“The goal is to change institutional behavior.” Experts dissect the unlawful Dept. of Ed Feb. 2025 Dear Colleague Letter

There is a tendency in our societal discourse to treat legal rulings as the final word. We assume that if a policy is found unconstitutional, the system simply reverts to its previous state. But as a recent webinar hosted by the Alliance for Higher Education—attended by more than 150 leaders, practitioners, scholars, and higher ed supporters—made clear, that is rarely an outcome when a sector is under attack. There is the policy and then there is the public narrative around its potential impact and ramifications. Oftentimes, institutions shift their operations long before any changes are necessary, or overcorrect out of fear of retribution.
Last month, the U.S. Department of Education dropped its appeal of a lower court ruling that had struck down a controversial 2025 "Dear Colleague" letter (DCL). On paper, this is a victory for academic freedom, intellectual rigor, and democracy that refutes the false claim that work to advance equity hinders quality and excellence. The court found that the government’s attempt to use Title VI to chill discussions of systemic racism was unlawful.

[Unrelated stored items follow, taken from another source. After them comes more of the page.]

lemma cesaro_average_vimage:
  assumes P: "prob_space P" and T: "T \<in> M \<rightarrow>\<^sub>M M"
  shows "\<bar>cesaro_average M T P n (T -` C \<inter> space M) - cesaro_average M T P n C\<bar> \<le> 1 / Suc n"
proof -
  define \<nu> where "\<nu> i = measure P ((T ^^ i) -` C \<inter> space M)" for i
  have \<nu>_bounds: "0 \<le> \<nu> i" "\<nu> i \<le> 1" for i
    unfolding \<nu>_def by (simp_all add: prob_space.prob_le_1[OF P])
  have shift: "measure P ((T ^^ i) -` (T -` C \<inter> space M) \<inter> space M) = \<nu> (Suc i)" for i
    using measurable_space[OF measurable_compose_n[OF T]] unfolding \<nu>_def
    by (intro arg_cong[where f="measure P"]) auto
  have "(\<Sum>i\<le>n. \<nu> (Suc i)) - (\<Sum>i\<le>n. \<nu> i) = \<nu> (Suc n) - \<nu> 0"
    using sum_lessThan_telescope[of \<nu> "Suc n"] by (simp add: lessThan_Suc_atMost sum_subtractf)
  moreover have "cesaro_average M T P n (T -` C \<inter> space M) = (\<Sum>i\<le>n. \<nu> (Suc i)) / Suc n"
    unfolding cesaro_average_def shift ..
  moreover have "cesaro_average M T P n C = (\<Sum>i\<le>n. \<nu> i) / Suc n"
    unfolding cesaro_average_def \<nu>_def ..
  ultimately have "cesaro_average M T P n (T -` C \<inter> space M) - cesaro_average M T P n C
      = (\<nu> (Suc n) - \<nu> 0) / Suc n"
    by (simp add: diff_divide_distrib[symmetric])
  moreover have "\<bar>\<nu> (Suc n) - \<nu> 0\<bar> \<le> 1"
    using \<nu>_bounds[of "Suc n"] \<nu>_bounds[of 0] by (simp add: abs_le_iff)
  ultimately show ?thesis by (simp add: divide_right_mono)
qed

lemma cesaro_average_vimage_diff_tendsto_0:
  assumes "prob_space P" "T \<in> M \<rightarrow>\<^sub>M M"
  shows "(\<lambda>n. cesaro_average M T P n (T -` C \<inter> space M) - cesaro_average M T P n C) \<longlonglongrightarrow> 0"
proof (rule Lim_null_comparison)
  show "(\<lambda>n. 1 / real (Suc n)) \<longlonglongrightarrow> 0"
    using LIMSEQ_inverse_real_of_nat by (simp add: inverse_eq_divide)
qed (use cesaro_average_vimage[OF assms] in simp)

lemma cesaro_averages_cluster_point:
  assumes T: "T \<in> M \<rightarrow>\<^sub>M M" and ic: "invariant_capacity M T V"
    and P: "P \<in> probs_on M" and le: "\<And>A. A \<in> sets M \<Longrightarrow> measure P A \<le> V A"
  obtains \<phi> where "\<And>C. C \<in> sets M \<Longrightarrow> 0 \<le> \<phi> C" "\<And>C. C \<in> sets M \<Longrightarrow> \<phi> C \<le> V C"
    "\<And>C D. C \<in> sets M \<Longrightarrow> D \<in> sets M \<Longrightarrow> C \<inter> D = {} \<Longrightarrow> \<phi> (C \<union> D) = \<phi> C + \<phi> D"
    "\<phi> (space M) = 1" "\<And>C. C \<in> sets M \<Longrightarrow> \<phi> (T -` C \<inter> space M) = \<phi> C"
    "\<And>B. B \<in> invariant_sets M T \<Longrightarrow> \<phi> B = measure P B"
proof -
  let ?X = "product_topology (\<lambda>_. euclideanreal) (sets M)"
  let ?K = "PiE (sets M) (\<lambda>_. {0..1::real})"
  define x where "x n = restrict (cesaro_average M T P n) (sets M)" for n
  have K: "compactin ?X ?K" by (simp add: compactin_PiE)
  have x_in_K: "x n \<in> ?K" for n
    using cesaro_average_nonneg cesaro_average_le_1[OF probs_onD(1)[OF P]] by (auto simp: x_def)
  obtain \<phi> where "\<phi> \<in> ?K" and cluster: "\<And>F S. continuous_map ?X euclideanreal F \<Longrightarrow> closed S \<Longrightarrow>
      eventually (\<lambda>n. F (x n) \<in> S) sequentially \<Longrightarrow> F \<phi> \<in> S"
    by (rule compactin_sequence_cluster_point[OF K, of x]) (rule x_in_K, rule that)
  have proj: "continuous_map ?X euclideanreal (\<lambda>\<psi>. \<psi> C)" if "C \<in> sets M" for C
    using continuous_map_product_projection[OF that] .
  have limit: "F \<phi> = l" if "continuous_map ?X euclideanreal F" "(\<lambda>n. F (x n)) \<longlonglongrightarrow> l" for F l
    using cluster_point_tendsto_eq[OF cluster[OF that(1)] that(2)] .
  show ?thesis
  proof
    show "0 \<le> \<phi> C" if "C \<in> sets M" for C using \<open>\<phi> \<in> ?K\<close> that by auto
    show "\<phi> C \<le> V C" if C: "C \<in> sets M" for C
      using cluster[OF proj[OF C], of "{..V C}"] cesaro_average_le[OF ic T le C] C
      by (simp add: x_def)
    show "\<phi> (space M) = 1"
      using limit[OF proj[OF sets.top], of 1] cesaro_average_space[OF P T] by (simp add: x_def)
    show "\<phi> B = measure P B" if B: "B \<in> invariant_sets M T" for B
      using limit[OF proj[OF invariant_setsD(1)[OF B]], of "measure P B"]
        cesaro_average_invariant_set[OF T B] invariant_setsD(1)[OF B] by (simp add: x_def)
    show "\<phi> (C \<union> D) = \<phi> C + \<phi> D" if C: "C \<in> sets M" "D \<in> sets M" "C \<inter> D = {}" for C D
    proof -
      have "continuous_map ?X euclideanreal (\<lambda>\<psi>. \<psi> (C \<union> D) - \<psi> C - \<psi> D)"
        using C by (intro continuous_map_diff proj) auto
      from limit[OF this, of 0] show ?thesis
        using cesaro_average_Un[OF P T C] C by (simp add: x_def)
    qed
    show "\<phi> (T -` C \<inter> space M) = \<phi> C" if C: "C \<in> sets M" for C
    proof -
      have TC: "T -` C \<inter> space M \<in> sets M" using measurable_sets[OF T C] .
      have "continuous_map ?X euclideanreal (\<lambda>\<psi>. \<psi> (T -` C \<inter> space M) - \<psi> C)"
        using C TC by (intro continuous_map_diff proj)
      moreover have "(\<lambda>n. x n (T -` C \<inter> space M) - x n C) \<longlonglongrightarrow> 0"
        using cesaro_average_vimage_diff_tendsto_0[OF probs_onD(1)[OF P] T] C TC by (simp add: x_def)
      ultimately show ?thesis using limit by fastforce
    qed
  qed
qed
lemma cetc_closed_loop_piece:
  assumes "cetc_closed_loop L l1 l2 c1 c2 q \<rho> Pab Pbb Rvu Rvv Kuu Kuv Kvu Kvv
           \<theta> \<eta> \<theta>m \<kappa>0 \<kappa>1 \<kappa>2 m0 t u v uh vh m" and "t k = ereal \<tau>"
  shows "cetc_piece L l1 l2 c1 c2 q \<rho> Pab Pbb Rvu Rvv Kuu Kuv Kvu Kvv
      \<theta> \<eta> \<theta>m \<kappa>0 \<kappa>1 \<kappa>2 \<tau> (t (Suc k)) (u k) (v k) (uh k) (vh k) (m k)"
  using assms unfolding cetc_closed_loop_def by blast

lemma cetc_closed_loop_m_neg_at_events:
  assumes loop: "cetc_closed_loop L l1 l2 c1 c2 q \<rho> Pab Pbb Rvu Rvv Kuu Kuv Kvu Kvv
           \<theta> \<eta> \<theta>m \<kappa>0 \<kappa>1 \<kappa>2 m0 t u v uh vh m"
    and pos: "\<theta> > 0" "\<eta> > 0" "\<theta>m > 0" "\<kappa>0 > 0" "\<kappa>1 > 0" "\<kappa>2 > 0"
    and "m0 < 0" and "\<And>j. j \<le> i \<Longrightarrow> t j \<noteq> \<infinity>"
  shows "\<exists>\<tau>. t i = ereal \<tau> \<and> m i \<tau> < 0"
  using assms(9)
proof (induction i)
  case 0
  have "t 0 = ereal 0" "m 0 0 = m0"
    using loop unfolding cetc_closed_loop_def zero_ereal_def by blast+
  then show ?case
    using \<open>m0 < 0\<close> by blast
next
  case (Suc i)
  then obtain \<tau> where \<tau>: "t i = ereal \<tau>" "m i \<tau> < 0"
    by auto
  have piece: "cetc_piece L l1 l2 c1 c2 q \<rho> Pab Pbb Rvu Rvv Kuu Kuv Kvu Kvv
      \<theta> \<eta> \<theta>m \<kappa>0 \<kappa>1 \<kappa>2 \<tau> (t (Suc i)) (u i) (v i) (uh i) (vh i) (m i)"
    using loop \<tau>(1) by (rule cetc_closed_loop_piece)
  then have "ereal \<tau> \<le> t (Suc i)"
    by (rule cetc_piece_event_le_next)
  then obtain \<tau>' where \<tau>': "t (Suc i) = ereal \<tau>'" "\<tau> \<le> \<tau>'"
    using Suc.prems[of "Suc i"] by (cases "t (Suc i)") auto
  then have "m i \<tau>' < 0"
    using cetc_piece_m_neg[OF piece pos \<tau>(2)] by simp
  moreover have "m (Suc i) \<tau>' = m i \<tau>'"
    using loop \<tau>'(1) unfolding cetc_closed_loop_def by blast
  ultimately show ?case
    using \<tau>'(1) by auto
qed
text \<open>
  The Brier score of provider i is 1 minus the normalised quadratic loss of the predicted
  distribution p(. | D_i) on the realised D_{-i}; this loss lies in [0, |D_{-i}|], which gives
  individual rationality and budget feasibility. Under a belief q, the expected quadratic loss of
  a report p exceeds that of the report q by the squared distance between p and q, so reporting
  the true D_i minimises the expected loss, and the payment is a non-increasing affine function of
  that loss. Symmetry holds because relabelling the providers by a permutation leaves the product
  of the likelihoods, hence the joint distribution, unchanged, and precomposition with the
  permutation is a bijection between the spaces of D_{-i} and D_{-\<pi>(i)}.
\<close>

definition quadratic_loss :: "'a set \<Rightarrow> ('a \<Rightarrow> real) \<Rightarrow> 'a \<Rightarrow> real" where
  "quadratic_loss S p x = (\<Sum>E\<in>S. (p E - (if E = x then 1 else 0))\<^sup>2)"

lemma quadratic_loss_eq:
  assumes "finite S" "x \<in> S"
  shows "quadratic_loss S p x = (\<Sum>E\<in>S. (p E)\<^sup>2) - 2 * p x + 1"
proof -
  have "quadratic_loss S p x
      = (\<Sum>E\<in>S. (p E)\<^sup>2 - 2 * (if E = x then p E else 0) + (if E = x then 1 else 0))"
    unfolding quadratic_loss_def by (rule sum.cong) (auto simp: power2_eq_square algebra_simps)
  also have "\<dots> = (\<Sum>E\<in>S. (p E)\<^sup>2) - 2 * p x + 1"
    using assms by (simp add: sum.distrib sum_subtractf sum_distrib_left[symmetric] sum.delta)
  finally show ?thesis .
qed

lemma quadratic_loss_le_card:
  assumes "\<And>E. E \<in> S \<Longrightarrow> 0 \<le> p E \<and> p E \<le> 1"
  shows "quadratic_loss S p x \<le> card S"
proof -
  have "(p E - (if E = x then 1 else 0))\<^sup>2 \<le> 1" if "E \<in> S" for E
    using assms[OF that] by (subst abs_square_le_1) auto
  then have "quadratic_loss S p x \<le> (\<Sum>E\<in>S. 1)"
    unfolding quadratic_loss_def by (rule sum_mono)
  then show ?thesis by simp
qed

lemma quadratic_loss_reindex:
  assumes "bij_betw h T S" "y \<in> T"
  shows "quadratic_loss S p (h y) = quadratic_loss T (p \<circ> h) y"
proof -
  have "h z = h y \<longleftrightarrow> z = y" if "z \<in> T" for z
    using assms that by (meson bij_betw_imp_inj_on inj_on_eq_iff)
  then show ?thesis
    unfolding quadratic_loss_def sum.reindex_bij_betw[OF assms(1), symmetric]
    by (intro sum.cong) simp_all
qed

lemma expected_quadratic_loss_excess:
  assumes "finite S" "sum q S = 1"
  shows "(\<Sum>x\<in>S. q x * quadratic_loss S p x)
       = (\<Sum>x\<in>S. q x * quadratic_loss S q x) + (\<Sum>E\<in>S. (p E - q E)\<^sup>2)"
proof -
  have expected: "(\<Sum>x\<in>S. q x * quadratic_loss S r x)
      = (\<Sum>E\<in>S. (r E)\<^sup>2) - 2 * (\<Sum>E\<in>S. q E * r E) + 1" for r
  proof -
    have "(\<Sum>x\<in>S. q x * quadratic_loss S r x)
        = (\<Sum>x\<in>S. q x * (\<Sum>E\<in>S. (r E)\<^sup>2) - 2 * (q x * r x) + q x)"
      by (rule sum.cong) (simp_all add: quadratic_loss_eq assms(1) algebra_simps)
    also have "\<dots> = (\<Sum>x\<in>S. q x) * (\<Sum>E\<in>S. (r E)\<^sup>2) - 2 * (\<Sum>x\<in>S. q x * r x)
        + (\<Sum>x\<in>S. q x)"
      by (simp only: sum.distrib sum_subtractf sum_distrib_left[symmetric]
          sum_distrib_right[symmetric])
    finally show ?thesis using assms(2) by simp
  qed
  have "(\<Sum>E\<in>S. (p E - q E)\<^sup>2) = (\<Sum>E\<in>S. (p E)\<^sup>2 - 2 * (q E * p E) + (q E)\<^sup>2)"
    by (rule sum.cong) (simp_all add: power2_eq_square algebra_simps)
  then show ?thesis
    unfolding expected by (simp add: sum.distrib sum_subtractf sum_distrib_left power2_eq_square)
qed

lemma quadratic_loss_proper:
  assumes "finite S" "sum q S = 1"
  shows "(\<Sum>x\<in>S. q x * quadratic_loss S q x) \<le> (\<Sum>x\<in>S. q x * quadratic_loss S p x)"
  unfolding expected_quadratic_loss_excess[OF assms, of p] by (simp add: sum_nonneg)

lemma finite_others: "finite (others n i :: (nat \<Rightarrow> 'd::finite) set)"
  unfolding others_def by (rule finite_PiE) auto

lemma restrict_fun_upd_others:
  assumes "Dm \<in> others n i"
  shows "restrict (Dm(i := d)) ({..<n} - {i}) = Dm"
proof
  fix j
  show "restrict (Dm(i := d)) ({..<n} - {i}) j = Dm j"
    using PiE_arb[OF assms[unfolded others_def], of j] by auto
qed

lemma brier_score_eq_quadratic_loss:
  fixes L :: "'t \<Rightarrow> 'd \<Rightarrow> real"
  shows "brier_score M L n i D = 1 - quadratic_loss (others n i) (cond_prob M L n i (D i))
     (restrict D ({..<n} - {i})) / card (others n i :: (nat \<Rightarrow> 'd) set)"
  unfolding brier_score_def quadratic_loss_def by simp

context
  fixes L :: "'t \<Rightarrow> 'd::finite \<Rightarrow> real"
  assumes L_nonneg: "\<And>\<theta> d. L \<theta> d \<ge> 0"
begin

lemma joint_prob_nonneg: "joint_prob M L n D \<ge> 0"
  unfolding joint_prob_def by (simp add: L_nonneg prod_nonneg)

lemma cond_prob_bounds:
  assumes "Dm \<in> others n i"
  shows "0 \<le> cond_prob M L n i d Dm \<and> cond_prob M L n i d Dm \<le> 1"
proof -
  have "joint_prob M L n (Dm(i := d)) \<le> marg_prob M L n i d"
    unfolding marg_prob_def using assms
    by (intro member_le_sum) (simp_all add: joint_prob_nonneg finite_others)
  then show ?thesis
    unfolding cond_prob_def using joint_prob_nonneg[of M n "Dm(i := d)"]
    by (auto simp: divide_le_eq_1)
qed

lemma brier_score_bounds: "0 \<le> brier_score M L n i D \<and> brier_score M L n i D \<le> 1"
proof -
  let ?S = "others n i :: (nat \<Rightarrow> 'd) set"
  let ?loss = "quadratic_loss ?S (cond_prob M L n i (D i)) (restrict D ({..<n} - {i}))"
  have "?loss \<le> card ?S"
    by (rule quadratic_loss_le_card) (rule cond_prob_bounds)
  moreover have "?loss \<ge> 0"
    unfolding quadratic_loss_def by (simp add: sum_nonneg)
  ultimately show ?thesis
    unfolding brier_score_eq_quadratic_loss by (cases "card ?S = 0") simp_all
qed

end

lemma sum_cond_prob:
  "marg_prob M L n i d \<noteq> 0 \<Longrightarrow> (\<Sum>Dm\<in>others n i. cond_prob M L n i d Dm) = 1"
  unfolding cond_prob_def by (simp add: sum_divide_distrib[symmetric] marg_prob_def[symmetric])

lemma payment_fun_upd_others:
  fixes L :: "'t \<Rightarrow> 'd \<Rightarrow> real"
  assumes "Dm \<in> others n i"
  shows "payment B M L n i (Dm(i := e)) = B / n
    - B / (n * card (others n i :: (nat \<Rightarrow> 'd) set))
      * quadratic_loss (others n i) (cond_prob M L n i e) Dm"
  unfolding payment_def brier_score_eq_quadratic_loss restrict_fun_upd_others[OF assms]
  by (cases "n = 0"; cases "card (others n i :: (nat \<Rightarrow> 'd) set) = 0")
    (simp_all add: field_simps)

lemma expected_payment_truthful:
  fixes L :: "'t \<Rightarrow> 'd::finite \<Rightarrow> real"
  assumes "B \<ge> 0"
  shows "(\<Sum>Dm\<in>others n i. cond_prob M L n i d Dm * payment B M L n i (Dm(i := d')))
       \<le> (\<Sum>Dm\<in>others n i. cond_prob M L n i d Dm * payment B M L n i (Dm(i := d)))"
proof (cases "marg_prob M L n i d = 0")
  case True
  then show ?thesis by (simp add: cond_prob_def)
next
  case False
  let ?S = "others n i :: (nat \<Rightarrow> 'd) set"
  let ?q = "cond_prob M L n i d"
  let ?c = "B / (n * card ?S)"
  have expected_payment: "(\<Sum>Dm\<in>?S. ?q Dm * payment B M L n i (Dm(i := e)))
      = B / n * sum ?q ?S - ?c * (\<Sum>Dm\<in>?S. ?q Dm * quadratic_loss ?S (cond_prob M L n i e) Dm)"
    for e
  proof -
    have "(\<Sum>Dm\<in>?S. ?q Dm * payment B M L n i (Dm(i := e)))
        = (\<Sum>Dm\<in>?S. B / n * ?q Dm - ?c * (?q Dm * quadratic_loss ?S (cond_prob M L n i e) Dm))"
      by (rule sum.cong) (simp_all add: payment_fun_upd_others algebra_simps)
    then show ?thesis by (simp add: sum_subtractf sum_distrib_left)
  qed
  have "(\<Sum>Dm\<in>?S. ?q Dm * quadratic_loss ?S ?q Dm)
      \<le> (\<Sum>Dm\<in>?S. ?q Dm * quadratic_loss ?S (cond_prob M L n i d') Dm)"
    using finite_others sum_cond_prob[OF False] by (rule quadratic_loss_proper)
  then have "?c * (\<Sum>Dm\<in>?S. ?q Dm * quadratic_loss ?S ?q Dm)
      \<le> ?c * (\<Sum>Dm\<in>?S. ?q Dm * quadratic_loss ?S (cond_prob M L n i d') Dm)"
    using assms by (intro mult_left_mono) simp_all
  then show ?thesis
    unfolding expected_payment by linarith
qed

lemma bij_betw_restrict_comp_PiE:
  assumes "bij_betw g A B"
  shows "bij_betw (\<lambda>f. restrict (f \<circ> g) A) (PiE B (\<lambda>_. C)) (PiE A (\<lambda>_. C))"
proof (rule bij_betw_byWitness[where f' = "\<lambda>f. restrict (f \<circ> inv_into A g) B"])
  have inv: "bij_betw (inv_into A g) B A"
    using assms by (rule bij_betw_inv_into)
  show "\<forall>f\<in>PiE B (\<lambda>_. C). restrict (restrict (f \<circ> g) A \<circ> inv_into A g) B = f"
  proof (intro ballI ext)
    fix f y assume "f \<in> PiE B (\<lambda>_. C)"
    then show "restrict (restrict (f \<circ> g) A \<circ> inv_into A g) B y = f y"
      using PiE_arb[of f B _ y] bij_betwE[OF inv] bij_betw_inv_into_right[OF assms, of y] by auto
  qed
  show "\<forall>f\<in>PiE A (\<lambda>_. C). restrict (restrict (f \<circ> inv_into A g) B \<circ> g) A = f"
  proof (intro ballI ext)
    fix f x assume "f \<in> PiE A (\<lambda>_. C)"
    then show "restrict (restrict (f \<circ> inv_into A g) B \<circ> g) A x = f x"
      using PiE_arb[of f A _ x] bij_betwE[OF assms] bij_betw_inv_into_left[OF assms, of x] by auto
  qed
  show "(\<lambda>f. restrict (f \<circ> g) A) ` PiE B (\<lambda>_. C) \<subseteq> PiE A (\<lambda>_. C)"
    using bij_betwE[OF assms] by auto
  show "(\<lambda>f. restrict (f \<circ> inv_into A g) B) ` PiE A (\<lambda>_. C) \<subseteq> PiE B (\<lambda>_. C)"
    using bij_betwE[OF inv] by auto
qed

The power of the 2025 guidance wasn’t in its legal durability, but in its ability to paralyze. Maddy Gitomer, who led the challenge to the DCL as senior counsel at Democracy Forward, described it as a weaponized misinterpretation of law: "The letter was not a guidance or reminder document... it weaponized civil rights laws, it really misread, misinterpreted them and added many or tried to add many new requirements for schools."
This creates a phenomenon panelist Heather McCambly, a professor at the University of Pittsburgh School of Education, called "repressive legalism"—the use of tenuous legal directives to generate a broad chilling effect . She noted how this strategy bypasses the courts entirely: "The goal is not necessarily to prevail judicially. The goal is to change institutional behavior right away through fear and fragmentation."
The term, “repressive legalism” is a product of research from panel moderator Liliana M. Garces, Vice President of Research and Impact for the Alliance, and names a phenomenon that was on display over the past year in relation to this DCL: the scaling back of efforts that promote equity and belonging not because of the law itself, but because of fear of ongoing threats from the legal environment. This dynamic keeps institutions from restoring policies even after the policies are declared unlawful and unconstitutional like in this case.
The Cost of Neutrality
When institutions stay silent to avoid political heat, they aren't actually remaining neutral. They are allowing a new regressive logic to become the common sense of the sector, said Jonathan Feingold, professor of law and Boston University. "I was naive a year ago. My expectation was that if university leaders understood the law and could have comfort that the common practices, policies, and programs that they employed that were designed to promote a more diverse, equitable, and inclusive campus were lawful, they would protect them.”
In retrospect, a year later, he says, “I was very wrong.”
By allowing equity work to be falsely reframed as a threat to quality, universities risk losing their core purpose. Supporting the premise, McCambly added that "If commitments to doing equitable work in our communities can be isolated and framed as optional or suspect, they're vulnerable to exactly this kind of pressure."
An Architecture of Solidarity
While the first half of the discussion was an autopsy of institutional fear, the conversation concluded with a blueprint for optimism. The panelists argued that while the legal victory is significant, the true opportunity lies in how the higher education sector chooses to show collective support and alignment in the future.
Gitomer pointed to the sheer speed and breadth of the legal pushback as a proof of concept for collective action. "I was really struck... by the courage and passion of our clients in this case," she noted, citing how unions and professional associations stood together before they even knew how the courts would rule. This represents a shift from individual institutional "risk management" to a shared "architecture of solidarity." The hope lies in the realization that universities do not have to wait for the courts to save them. They can build their own defenses.
McCambly highlighted that scholars can play a vital role in "interrupting the narrative before it hardens into policy" by offering research-informed counter-stories about why inclusive education is, in fact, the public good.
Ultimately, the experts suggest that the crisis of the last year has surfaced a latent strength in the sector. By choosing to defend people and principles rather than just budgets, higher education has the chance to reclaim its role in a multiracial democracy. As Feingold reminded the audience, the goal is to make sure universities remain a place for the "rigorous pursuit of knowledge for the common good"—a mission only possible when institutions and organizations stand together.